§ Source information
lemma truncation_error_le:
  fixes lam f :: "nat \<Rightarrow> real" and n :: "nat \<Rightarrow> nat"
  assumes lam_pos: "\<forall>i. lam i > 0" and lam_dec: "decseq lam" and n_mono: "strict_mono n"
    and f: "f \<in> cone lam n a b" and J: "1 \<le> J" and b_pos: "0 < b" and b_lt1: "b < 1" and "0 \<le> a"
  shows "l2norm (\<lambda>i. Sop lam f i - Atrunc lam (n J) f i) \<le> a * b * sigma lam n f J / sqrt (1 - b\<^sup>2)"
proof (rule l2norm_le)
  define g where "g i = (lam i * f i)\<^sup>2" for i
  have err: "(Sop lam f i - Atrunc lam (n J) f i)\<^sup>2 = (if i < n J then 0 else g i)" for i
    unfolding Sop_def Atrunc_def g_def by simp
  show "summable (\<lambda>i. (Sop lam f i - Atrunc lam (n J) f i)\<^sup>2)"
    unfolding err
    by (rule summable_comparison_test[OF _ summable_weighted_sq[OF lam_pos lam_dec coneD(1)[OF f]]])
      (auto simp: g_def)
  have "b\<^sup>2 < 1" using b_pos b_lt1 by (simp add: power_less_one_iff)
  then show "0 \<le> a * b * sigma lam n f J / sqrt (1 - b\<^sup>2)"
    using \<open>0 \<le> a\<close> b_pos by (simp add: sigma_nonneg)
  fix N
  have "N \<le> n (J + N)"
    using seq_suble[OF n_mono, of "J + N"] by simp
  then have "(\<Sum>i<N. (Sop lam f i - Atrunc lam (n J) f i)\<^sup>2) \<le> (\<Sum>i<n (J + N). if i < n J then 0 else g i)"
    unfolding err by (intro sum_mono2) (auto simp: g_def)
  also have "\<dots> = sum g {n J..<n (J + N)}"
  proof -
    have "{..<n (J + N)} \<inter> - {i. i < n J} = {n J..<n (J + N)}" by auto
    then show ?thesis by (simp add: sum.If_cases)
  qed
  also have "\<dots> \<le> (a * sigma lam n f J)\<^sup>2 * (b\<^sup>2 / (1 - b\<^sup>2))"
    unfolding g_def using cone_tail_le[OF f strict_mono_mono[OF n_mono] J b_pos b_lt1] .
  also have "\<dots> = (a * b * sigma lam n f J / sqrt (1 - b\<^sup>2))\<^sup>2"
    using \<open>b\<^sup>2 < 1\<close> by (simp add: power_divide power_mult_distrib)
  finally show "(\<Sum>i<N. (Sop lam f i - Atrunc lam (n J) f i)\<^sup>2) \<le> (a * b * sigma lam n f J / sqrt (1 - b\<^sup>2))\<^sup>2" .
qed
lemma lattice_int_comb:
  assumes "is_lattice L" "v \<in> L" "w \<in> L"
  shows "of_int a *\<^sub>R v + of_int c *\<^sub>R w \<in> L"
proof -
  obtain A :: "real ^ 'a ^ 'a" where L: "L = {A *v (\<chi> i. real_of_int (m i)) | m. True}"
    using assms(1) unfolding is_lattice_def by blast
  obtain m1 m2 where v: "v = A *v (\<chi> i. real_of_int (m1 i))" and w: "w = A *v (\<chi> i. real_of_int (m2 i))"
    using assms(2,3) L by blast
  have "of_int a *\<^sub>R v + of_int c *\<^sub>R w = A *v (\<chi> i. real_of_int (a * m1 i + c * m2 i))"
    unfolding v w by (simp add: vec_eq_iff matrix_vector_mult_def sum.distrib algebra_simps sum_distrib_left)
  then show ?thesis
    unfolding L by (auto intro!: exI[of _ "\<lambda>i. a * m1 i + c * m2 i"])
qed

lemma exp_pi_int_sign:
  assumes "x \<in> \<int>"
  shows "exp (of_real pi * \<i> * complex_of_real x) \<in> {1, -1}"
proof -
  obtain k where k: "x = of_int k"
    using assms by (auto elim: Ints_cases)
  have "(exp (of_real pi * \<i> * complex_of_real x))\<^sup>2 = exp (complex_of_real (2 * real_of_int k * pi) * \<i>)"
    by (simp add: k power2_eq_square exp_add[symmetric] mult_ac)
  also have "\<dots> = 1"
    by (rule exp_integer_2pi) simp
  finally show ?thesis
    by (simp add: power2_eq_1_iff)
qed

lemma SL2Z_subgroupD:
  assumes "subgroup G SL2Z_group"
  shows "G \<subseteq> SL2Z" and "(1, 0, 0, 1) \<in> G"
  using subgroup.subset[OF assms] subgroup.one_closed[OF assms] by (simp_all add: SL2Z_group_def)

lemma SL2Z_denom_nonzero:
  assumes "(a, b, c, d) \<in> SL2Z" "\<tau> \<in> upper_half"
  shows "of_int c * \<tau> + of_int d \<noteq> (0::complex)"
proof
  assume j: "of_int c * \<tau> + of_int d = 0"
  then have "Im (of_int c * \<tau> + of_int d) = 0"
    by simp
  then have "of_int c * Im \<tau> = 0"
    by simp
  then have "c = 0"
    using assms(2) by (simp add: upper_half_def)
  with j assms(1) show False
    by (simp add: SL2Z_def)
qed

lemma mp_mult_one_right:
  assumes "(a, b, c, d) \<in> SL2Z" "\<epsilon> \<in> {1, -1}"
  shows "mp_mult ((a, b, c, d), \<epsilon>) ((1, 0, 0, 1), 1) = ((a, b, c, d), \<epsilon>)"
proof -
  have i: "\<i> \<in> upper_half"
    by (simp add: upper_half_def)
  have "(THE \<epsilon>'. \<epsilon>' \<in> {1, -1} \<and> (\<forall>\<tau>\<in>upper_half.
          \<epsilon> * csqrt (of_int c * \<tau> + of_int d) = \<epsilon>' * csqrt (of_int c * \<tau> + of_int d))) = \<epsilon>"
  proof (rule the_equality)
    fix \<epsilon>' assume "\<epsilon>' \<in> {1, -1} \<and> (\<forall>\<tau>\<in>upper_half.
        \<epsilon> * csqrt (of_int c * \<tau> + of_int d) = \<epsilon>' * csqrt (of_int c * \<tau> + of_int d))"
    then show "\<epsilon>' = \<epsilon>"
      using i SL2Z_denom_nonzero[OF assms(1) i] by auto
  qed (use assms(2) in simp)
  then show ?thesis
    by (simp add: mp_mult_def)
qed

lemma carrier_jacobi_group:
  "carrier (jacobi_group G L B) =
     {((\<gamma>, \<epsilon>), ((v, w), \<xi>)). \<gamma> \<in> G \<and> \<epsilon> \<in> {1, -1} \<and> v \<in> L \<and> w \<in> L \<and> \<xi> \<in> {1, -1}}"
  by (simp add: jacobi_group_def)

lemma jac_mult_expand:
  "jac_mult B (m, ((v1, w1), \<xi>1)) (((a, b, c, d), \<epsilon>), ((v2, w2), \<xi>2)) =
     (mp_mult m ((a, b, c, d), \<epsilon>),
      ((of_int a *\<^sub>R v1 + of_int c *\<^sub>R w1 + v2, of_int b *\<^sub>R v1 + of_int d *\<^sub>R w1 + w2),
       \<xi>1 * \<xi>2 * exp (of_real pi * \<i> * complex_of_real
         (B (of_int a *\<^sub>R v1 + of_int c *\<^sub>R w1) w2 - B v2 (of_int b *\<^sub>R v1 + of_int d *\<^sub>R w1)))))"
  by (simp add: jac_mult_def heis_mult_def)

lemma jac_mult_sign:
  assumes "is_lattice L" "integral_on B L"
    and "x \<in> carrier (jacobi_group G L B)" "y \<in> carrier (jacobi_group G L B)"
  shows "snd (snd (jac_mult B x y)) \<in> {1, -1}"
proof -
  obtain m v1 w1 \<xi>1 a b c d \<epsilon> v2 w2 \<xi>2
    where x: "x = (m, ((v1, w1), \<xi>1))" and y: "y = (((a, b, c, d), \<epsilon>), ((v2, w2), \<xi>2))"
    by (metis prod.collapse)
  have mem: "v1 \<in> L" "w1 \<in> L" "v2 \<in> L" "w2 \<in> L" "\<xi>1 \<in> {1, -1}" "\<xi>2 \<in> {1, -1}"
    using assms(3,4) by (auto simp: x y carrier_jacobi_group)
  then have "B (of_int a *\<^sub>R v1 + of_int c *\<^sub>R w1) w2 - B v2 (of_int b *\<^sub>R v1 + of_int d *\<^sub>R w1) \<in> \<int>"
    using assms(2) lattice_int_comb[OF assms(1)] by (simp add: integral_on_def)
  from exp_pi_int_sign[OF this] show ?thesis
    using mem by (auto simp: x y jac_mult_expand)
qed

lemma character_sign:
  assumes hom: "ch \<in> hom (jacobi_group G L B) cstar"
    and bil: "bilinear B" and G: "subgroup G SL2Z_group" and L: "is_lattice L"
    and sign: "\<And>\<xi>. \<xi> \<in> {1, -1} \<Longrightarrow> ch (((1, 0, 0, 1), 1), ((0, 0), \<xi>)) = \<xi>"
    and g: "(m, ((v, w), \<xi>)) \<in> carrier (jacobi_group G L B)"
  shows "ch (m, ((v, w), \<xi>)) = \<xi> * ch (m, ((v, w), 1))"
proof -
  obtain a b c d \<epsilon> where m: "m = ((a, b, c, d), \<epsilon>)"
    by (metis prod.collapse)
  have mem: "(a, b, c, d) \<in> SL2Z" "\<epsilon> \<in> {1, -1}" "\<xi> \<in> {1, -1}"
    using g SL2Z_subgroupD(1)[OF G] by (auto simp: m carrier_jacobi_group)
  have x: "(m, ((v, w), 1)) \<in> carrier (jacobi_group G L B)"
    and y: "(((1, 0, 0, 1), 1), ((0, 0), \<xi>)) \<in> carrier (jacobi_group G L B)"
    using g mem SL2Z_subgroupD(2)[OF G] lattice_zero[OF L] by (auto simp: carrier_jacobi_group)
  have "jac_mult B (m, ((v, w), 1)) (((1, 0, 0, 1), 1), ((0, 0), \<xi>)) = (m, ((v, w), \<xi>))"
    using mem by (simp add: m jac_mult_expand mp_mult_one_right bilinear_lzero[OF bil] bilinear_rzero[OF bil])
  then have "ch (m, ((v, w), \<xi>)) = ch (m, ((v, w), 1)) * ch (((1, 0, 0, 1), 1), ((0, 0), \<xi>))"
    using hom_mult[OF hom x y] by (simp add: jacobi_group_def cstar_def)
  then show ?thesis
    using sign[OF mem(3)] by simp
qed

text \<open>The product \<open>(m, (h, E))\<close> is not known to lie in the group (its metaplectic part is given
  by a definite description), so the sign \<open>E\<close> is moved into the left factor instead, which turns
  the product into \<open>(m, (h, 1))\<close>.\<close>
lemma character_mult_sign:
  assumes hom: "ch \<in> hom (jacobi_group G L B) cstar"
    and "bilinear B" "subgroup G SL2Z_group" "is_lattice L" "integral_on B L"
    and sign: "\<And>\<xi>. \<xi> \<in> {1, -1} \<Longrightarrow> ch (((1, 0, 0, 1), 1), ((0, 0), \<xi>)) = \<xi>"
    and x: "(m1, (h1, 1)) \<in> carrier (jacobi_group G L B)"
    and y: "(m2, (h2, 1)) \<in> carrier (jacobi_group G L B)"
    and xy: "jac_mult B (m1, (h1, 1)) (m2, (h2, 1)) = (m, (h, E))"
  shows "ch (m, (h, 1)) = E * ch (m1, (h1, 1)) * ch (m2, (h2, 1))"
proof -
  have E: "E \<in> {1, -1}"
    using jac_mult_sign[OF assms(4,5) x y] xy by simp
  obtain v1 w1 where h1: "h1 = (v1, w1)"
    by fastforce
  have x': "(m1, ((v1, w1), E)) \<in> carrier (jacobi_group G L B)"
    using x E by (cases m1) (simp add: h1 carrier_jacobi_group)
  have "jac_mult B (m1, ((v1, w1), E)) (m2, (h2, 1)) = (m, (h, 1))"
    using xy E by (cases m2, cases h2) (auto simp: h1 jac_mult_def heis_mult_def)
  then have "ch (m, (h, 1)) = ch (m1, ((v1, w1), E)) * ch (m2, (h2, 1))"
    using hom_mult[OF hom x' y] by (simp add: jacobi_group_def cstar_def)
  then show ?thesis
    using character_sign[OF hom assms(2,3,4) sign x'] by (simp add: h1)
qed

lemma char_prod_hom:
  fixes ch1 ch2 :: "'n::finite jac \<Rightarrow> complex"
  assumes hom1: "ch1 \<in> hom (jacobi_group G L B1) cstar"
    and hom2: "ch2 \<in> hom (jacobi_group G L B2) cstar"
    and "bilinear B1" "bilinear B2" "subgroup G SL2Z_group" "is_lattice L"
    and "integral_on B1 L" "integral_on B2 L"
    and sign1: "\<And>\<xi>. \<xi> \<in> {1, -1} \<Longrightarrow> ch1 (((1, 0, 0, 1), 1), ((0, 0), \<xi>)) = \<xi>"
    and sign2: "\<And>\<xi>. \<xi> \<in> {1, -1} \<Longrightarrow> ch2 (((1, 0, 0, 1), 1), ((0, 0), \<xi>)) = \<xi>"
  shows "char_prod ch1 ch2 \<in> hom (jacobi_group G L (\<lambda>v w. B1 v w + B2 v w)) cstar"
proof (rule homI)
  fix x assume "x \<in> carrier (jacobi_group G L (\<lambda>v w. B1 v w + B2 v w))"
  then obtain m v w \<xi> where x: "x = (m, ((v, w), \<xi>))" and \<xi>: "\<xi> \<in> {1, -1}"
    and x1: "(m, ((v, w), 1)) \<in> carrier (jacobi_group G L B1)"
    and x2: "(m, ((v, w), 1)) \<in> carrier (jacobi_group G L B2)"
    by (auto simp: carrier_jacobi_group)
  show "char_prod ch1 ch2 x \<in> carrier cstar"
    using hom_in_carrier[OF hom1 x1] hom_in_carrier[OF hom2 x2] \<xi>
    by (auto simp: x char_prod_def cstar_def)
next
  fix x y assume x: "x \<in> carrier (jacobi_group G L (\<lambda>v w. B1 v w + B2 v w))"
    and y: "y \<in> carrier (jacobi_group G L (\<lambda>v w. B1 v w + B2 v w))"
  obtain m1 v1 w1 \<xi>1 a b c d \<epsilon> v2 w2 \<xi>2
    where xe: "x = (m1, ((v1, w1), \<xi>1))" and ye: "y = (((a, b, c, d), \<epsilon>), ((v2, w2), \<xi>2))"
    by (metis prod.collapse)
  define x1 where "x1 = (m1, ((v1, w1), 1::complex))"
  define y1 where "y1 = (((a, b, c, d), \<epsilon>), ((v2, w2), 1::complex))"
  obtain m v w E1 where xy1: "jac_mult B1 x1 y1 = (m, ((v, w), E1))"
    by (metis prod.collapse)
  obtain E2 where xy2: "jac_mult B2 x1 y1 = (m, ((v, w), E2))"
    using xy1 by (simp add: x1_def y1_def jac_mult_expand)
  have xy: "jac_mult (\<lambda>v w. B1 v w + B2 v w) x y = (m, ((v, w), \<xi>1 * \<xi>2 * (E1 * E2)))"
    using xy1 xy2 by (auto simp: xe ye x1_def y1_def jac_mult_expand exp_add[symmetric] algebra_simps)
  have mem: "x1 \<in> carrier (jacobi_group G L B)" "y1 \<in> carrier (jacobi_group G L B)" for B
    using x y by (auto simp: xe ye x1_def y1_def carrier_jacobi_group)
  have "E1 \<in> {1, -1}" "E2 \<in> {1, -1}"
    using jac_mult_sign[OF assms(6,7) mem] jac_mult_sign[OF assms(6,8) mem] xy1 xy2 by simp_all
  then have sq: "E1 * E1 = 1" "E2 * E2 = 1"
    by auto
  have "ch1 (m, ((v, w), 1)) = E1 * ch1 x1 * ch1 y1" "ch2 (m, ((v, w), 1)) = E2 * ch2 x1 * ch2 y1"
    using character_mult_sign[OF hom1 assms(3,5,6,7) sign1] character_mult_sign[OF hom2 assms(4,5,6,8) sign2]
      mem xy1 xy2 by (simp_all add: x1_def y1_def)
  then have "char_prod ch1 ch2 (jac_mult (\<lambda>v w. B1 v w + B2 v w) x y)
      = \<xi>1 * \<xi>2 * (E1 * E1) * (E2 * E2) * (ch1 x1 * ch2 x1) * (ch1 y1 * ch2 y1)"
    by (simp add: xy char_prod_def mult_ac)
  also have "\<dots> = char_prod ch1 ch2 x * char_prod ch1 ch2 y"
    by (simp add: sq xe ye x1_def y1_def char_prod_def mult_ac)
  finally show "char_prod ch1 ch2 (x \<otimes>\<^bsub>jacobi_group G L (\<lambda>v w. B1 v w + B2 v w)\<^esub> y)
      = char_prod ch1 ch2 x \<otimes>\<^bsub>cstar\<^esub> char_prod ch1 ch2 y"
    by (simp add: jacobi_group_def cstar_def)
qed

§ Directions for this task
Print the lines above from the one with "with j assms(1) show False" through the one with "using assms(3,4) by", both included, exactly as written and nothing more.

§ Exercise result
  with j assms(1) show False
    by (simp add: SL2Z_def)
qed

lemma mp_mult_one_right:
  assumes "(a, b, c, d) \<in> SL2Z" "\<epsilon> \<in> {1, -1}"
  shows "mp_mult ((a, b, c, d), \<epsilon>) ((1, 0, 0, 1), 1) = ((a, b, c, d), \<epsilon>)"
proof -
  have i: "\<i> \<in> upper_half"
    by (simp add: upper_half_def)
  have "(THE \<epsilon>'. \<epsilon>' \<in> {1, -1} \<and> (\<forall>\<tau>\<in>upper_half.
          \<epsilon> * csqrt (of_int c * \<tau> + of_int d) = \<epsilon>' * csqrt (of_int c * \<tau> + of_int d))) = \<epsilon>"
  proof (rule the_equality)
    fix \<epsilon>' assume "\<epsilon>' \<in> {1, -1} \<and> (\<forall>\<tau>\<in>upper_half.
        \<epsilon> * csqrt (of_int c * \<tau> + of_int d) = \<epsilon>' * csqrt (of_int c * \<tau> + of_int d))"
    then show "\<epsilon>' = \<epsilon>"
      using i SL2Z_denom_nonzero[OF assms(1) i] by auto
  qed (use assms(2) in simp)
  then show ?thesis
    by (simp add: mp_mult_def)
qed

lemma carrier_jacobi_group:
  "carrier (jacobi_group G L B) =
     {((\<gamma>, \<epsilon>), ((v, w), \<xi>)). \<gamma> \<in> G \<and> \<epsilon> \<in> {1, -1} \<and> v \<in> L \<and> w \<in> L \<and> \<xi> \<in> {1, -1}}"
  by (simp add: jacobi_group_def)

lemma jac_mult_expand:
  "jac_mult B (m, ((v1, w1), \<xi>1)) (((a, b, c, d), \<epsilon>), ((v2, w2), \<xi>2)) =
     (mp_mult m ((a, b, c, d), \<epsilon>),
      ((of_int a *\<^sub>R v1 + of_int c *\<^sub>R w1 + v2, of_int b *\<^sub>R v1 + of_int d *\<^sub>R w1 + w2),
       \<xi>1 * \<xi>2 * exp (of_real pi * \<i> * complex_of_real
         (B (of_int a *\<^sub>R v1 + of_int c *\<^sub>R w1) w2 - B v2 (of_int b *\<^sub>R v1 + of_int d *\<^sub>R w1)))))"
  by (simp add: jac_mult_def heis_mult_def)

lemma jac_mult_sign:
  assumes "is_lattice L" "integral_on B L"
    and "x \<in> carrier (jacobi_group G L B)" "y \<in> carrier (jacobi_group G L B)"
  shows "snd (snd (jac_mult B x y)) \<in> {1, -1}"
proof -
  obtain m v1 w1 \<xi>1 a b c d \<epsilon> v2 w2 \<xi>2
    where x: "x = (m, ((v1, w1), \<xi>1))" and y: "y = (((a, b, c, d), \<epsilon>), ((v2, w2), \<xi>2))"
    by (metis prod.collapse)
  have mem: "v1 \<in> L" "w1 \<in> L" "v2 \<in> L" "w2 \<in> L" "\<xi>1 \<in> {1, -1}" "\<xi>2 \<in> {1, -1}"
    using assms(3,4) by (auto simp: x y carrier_jacobi_group)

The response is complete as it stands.